-------- Material provided

lemma (in prob_space) nn_integral_exp_sum_exchangeable_le_1:
  fixes f :: "'b \<Rightarrow> real" and \<phi> :: "real \<Rightarrow> real"
  assumes indep: "indep_vars (\<lambda>_. N) (case_sum X X') (Inl ` I \<union> Inr ` I)" and "finite I"
    and same_distr: "\<And>i. i \<in> I \<Longrightarrow> distr M N (X' i) = distr M N (X i)"
    and [measurable]: "f \<in> borel_measurable N" "\<phi> \<in> borel_measurable borel"
    and \<phi>_sym_le: "\<And>a. exp (\<phi> a) + exp (\<phi> (- a)) \<le> 2"
  shows "(\<integral>\<^sup>+\<omega>. exp (\<Sum>i\<in>I. \<phi> (f (X' i \<omega>) - f (X i \<omega>))) \<partial>M) \<le> 1"
proof -
  define W where "W i \<omega> = ennreal (exp (\<phi> (f (X' i \<omega>) - f (X i \<omega>))))" for i \<omega>
  have "indep_vars (\<lambda>i. PiM {Inl i, Inr i} (\<lambda>_. N))
          (\<lambda>i \<omega>. restrict (\<lambda>j. case_sum X X' j \<omega>) {Inl i, Inr i}) I"
    by (rule indep_vars_restrict[OF indep]) (auto simp: disjoint_family_on_def)
  hence "indep_vars (\<lambda>_. borel)
           (\<lambda>i \<omega>. (\<lambda>y. ennreal (exp (\<phi> (f (y (Inr i)) - f (y (Inl i))))))
                     (restrict (\<lambda>j. case_sum X X' j \<omega>) {Inl i, Inr i})) I"
    by (rule indep_vars_compose2) measurable
  hence indep_W: "indep_vars (\<lambda>_. borel) W I"
    by (rule indep_vars_cong[THEN iffD1, rotated 3]) (auto simp: W_def)
  have W_le_1: "(\<integral>\<^sup>+\<omega>. W i \<omega> \<partial>M) \<le> 1" if "i \<in> I" for i
  proof -
    let ?h = "\<lambda>(x, y). ennreal (exp (\<phi> (f y - f x)))"
    have "(\<integral>\<^sup>+\<omega>. ?h (X i \<omega>, X' i \<omega>) \<partial>M) \<le> 1"
    proof (rule nn_integral_exchangeable_le)
      show "indep_var N (X i) N (X' i)"
        using indep that by (rule indep_var_case_sum)
      show "distr M N (X' i) = distr M N (X i)"
        using that by (rule same_distr)
      show "?h (x, y) + ?h (y, x) \<le> 2 * 1" for x y
        using ennreal_leI[OF \<phi>_sym_le[of "f y - f x"]] by (simp flip: ennreal_plus)
    qed measurable
    thus ?thesis
      by (simp add: W_def)
  qed
  have "(\<integral>\<^sup>+\<omega>. exp (\<Sum>i\<in>I. \<phi> (f (X' i \<omega>) - f (X i \<omega>))) \<partial>M) = (\<integral>\<^sup>+\<omega>. (\<Prod>i\<in>I. W i \<omega>) \<partial>M)"
    using \<open>finite I\<close> by (simp add: W_def exp_sum prod_ennreal)
  also have "\<dots> = (\<Prod>i\<in>I. \<integral>\<^sup>+\<omega>. W i \<omega> \<partial>M)"
    using \<open>finite I\<close> indep_W by (rule indep_vars_nn_integral) simp
  also have "\<dots> \<le> 1"
    using W_le_1 by (intro prod_le_1) auto
  finally show ?thesis .
qed

lemma exp_SUP_le_nn_integral_count_space:
  fixes f :: "'i \<Rightarrow> real"
  assumes "G \<noteq> {}" and "bdd_above (f ` G)"
  shows "ennreal (exp (SUP g\<in>G. f g)) \<le> (\<integral>\<^sup>+g. exp (f g) \<partial>count_space G)"
proof -
  have "mono (\<lambda>x. ennreal (exp x))"
    by (intro monoI ennreal_leI) simp
  moreover have "continuous (at_left t) (\<lambda>x. ennreal (exp x))" for t
    by (intro continuous_intros)
  ultimately have "ennreal (exp (Sup (f ` G))) = (SUP x\<in>f ` G. ennreal (exp x))"
    using assms by (intro continuous_at_Sup_mono) auto
  hence "ennreal (exp (SUP g\<in>G. f g)) = (SUP g\<in>G. ennreal (exp (f g)))"
    by (simp add: image_comp)
  also have "\<dots> \<le> (\<integral>\<^sup>+g. exp (f g) \<partial>count_space G)"
  proof (rule SUP_least)
    fix g assume "g \<in> G"
    hence "ennreal (exp (f g)) = (\<integral>\<^sup>+h. exp (f h) * indicator {g} h \<partial>count_space G)"
      by (subst nn_integral_count_space'[where A = "{g}"]) auto
    also have "\<dots> \<le> (\<integral>\<^sup>+g. exp (f g) \<partial>count_space G)"
      by (intro nn_integral_mono) (simp add: indicator_def)
    finally show "ennreal (exp (f g)) \<le> (\<integral>\<^sup>+g. exp (f g) \<partial>count_space G)" .
  qed
  finally show ?thesis .
qed

lemma nn_integral_count_space_infsum:
  fixes f :: "'i \<Rightarrow> real"
  assumes "f summable_on A" and "\<And>x. x \<in> A \<Longrightarrow> 0 \<le> f x"
  shows "(\<integral>\<^sup>+x. f x \<partial>count_space A) = ennreal (\<Sum>\<^sub>\<infinity>x\<in>A. f x)"
proof -
  have "(\<lambda>x. norm (f x)) summable_on A"
    using assms by (subst summable_on_cong[where g = f]) simp_all
  hence "Infinite_Set_Sum.abs_summable_on f A"
    using abs_summable_equivalent by blast
  thus ?thesis
    using assms(2) by (simp add: nn_integral_conv_infsetsum infsetsum_infsum)
qed

lemma (in prob_space) expectation_le_0_if_nn_integral_exp_le_1:
  fixes Z :: "'a \<Rightarrow> real"
  assumes "integrable M Z" and exp_le_1: "(\<integral>\<^sup>+\<omega>. exp (Z \<omega>) \<partial>M) \<le> 1"
  shows "expectation Z \<le> 0"
proof -
  have [measurable]: "Z \<in> borel_measurable M"
    using assms(1) by (rule borel_measurable_integrable)
  have "(\<integral>\<^sup>+\<omega>. exp (Z \<omega>) \<partial>M) < \<infinity>"
    by (rule le_less_trans[OF exp_le_1]) simp
  hence integrable_exp: "integrable M (\<lambda>\<omega>. exp (Z \<omega>))"
    by (intro integrableI_nonneg) auto
  have "expectation Z \<le> expectation (\<lambda>\<omega>. exp (Z \<omega>) - 1)"
  proof (rule integral_mono)
    show "Z \<omega> \<le> exp (Z \<omega>) - 1" for \<omega>
      using exp_ge_add_one_self[of "Z \<omega>"] by linarith
  qed (use assms(1) integrable_exp in auto)
  also have "\<dots> = expectation (\<lambda>\<omega>. exp (Z \<omega>)) - 1"
    using integrable_exp by (simp add: prob_space)
  also have "expectation (\<lambda>\<omega>. exp (Z \<omega>)) \<le> 1"
    using exp_le_1 by (subst (asm) nn_integral_eq_integral[OF integrable_exp]) auto
  finally show ?thesis by simp
qed

definition excess :: "nat \<Rightarrow> real \<Rightarrow> ('b \<Rightarrow> real) \<Rightarrow> real \<Rightarrow> (nat \<Rightarrow> 'a \<Rightarrow> 'b) \<Rightarrow> (nat \<Rightarrow> 'a \<Rightarrow> 'b) \<Rightarrow> 'a \<Rightarrow> real"
  where "excess n \<gamma> g l X X' \<omega> =
    Dn n g X' \<omega> - Dn n g X \<omega> - \<gamma> / real n * l - 1 / (2 * \<gamma>) * s2 n g X X' \<omega>"

lemma excess_scaled_eq:
  assumes "n > 0" and "\<gamma> > 0"
  shows "real n / \<gamma> * excess n \<gamma> g l X X' \<omega>
    = (\<Sum>i<n. ((g (X' i \<omega>))\<^sup>2 - (g (X i \<omega>))\<^sup>2) / \<gamma>
              - ((g (X' i \<omega>))\<^sup>2 - (g (X i \<omega>))\<^sup>2)\<^sup>2 / (2 * \<gamma>\<^sup>2)) - l"
proof -
  define A where "A i = (g (X' i \<omega>))\<^sup>2 - (g (X i \<omega>))\<^sup>2" for i
  have "Dn n g X' \<omega> - Dn n g X \<omega> = (\<Sum>i<n. A i) / real n"
    by (simp add: Dn_def A_def sum_subtractf diff_divide_distrib)
  moreover have "s2 n g X X' \<omega> = (\<Sum>i<n. (A i)\<^sup>2) / real n"
    by (simp add: s2_def A_def power2_commute)
  ultimately have "real n / \<gamma> * excess n \<gamma> g l X X' \<omega>
      = real n / \<gamma> * ((\<Sum>i<n. A i) / real n - \<gamma> / real n * l - 1 / (2 * \<gamma>) * ((\<Sum>i<n. (A i)\<^sup>2) / real n))"
    by (simp add: excess_def)
  also have "\<dots> = (\<Sum>i<n. A i) / \<gamma> - (\<Sum>i<n. (A i)\<^sup>2) / (2 * \<gamma>\<^sup>2) - l"
    using assms by (simp add: field_simps power2_eq_square)
  also have "\<dots> = (\<Sum>i<n. A i / \<gamma> - (A i)\<^sup>2 / (2 * \<gamma>\<^sup>2)) - l"
    by (simp add: sum_subtractf sum_divide_distrib)
  finally show ?thesis
    by (simp add: A_def)
qed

----------------

* [Description of the task]: All the lines that hold the word "assumes" must appear in the answer, copied from the records.

* [Result of this task]:
  assumes indep: "indep_vars (\<lambda>_. N) (case_sum X X') (Inl ` I \<union> Inr ` I)" and "finite I"
  assumes "G \<noteq> {}" and "bdd_above (f ` G)"
  assumes "f summable_on A" and "\<And>x. x \<in> A \<Longrightarrow> 0 \<le> f x"
  assumes "integrable M Z" and exp_le_1: "(\<integral>\<^sup>+\<omega>. exp (Z \<omega>) \<partial>M) \<le> 1"
  assumes "n > 0" and "\<gamma> > 0"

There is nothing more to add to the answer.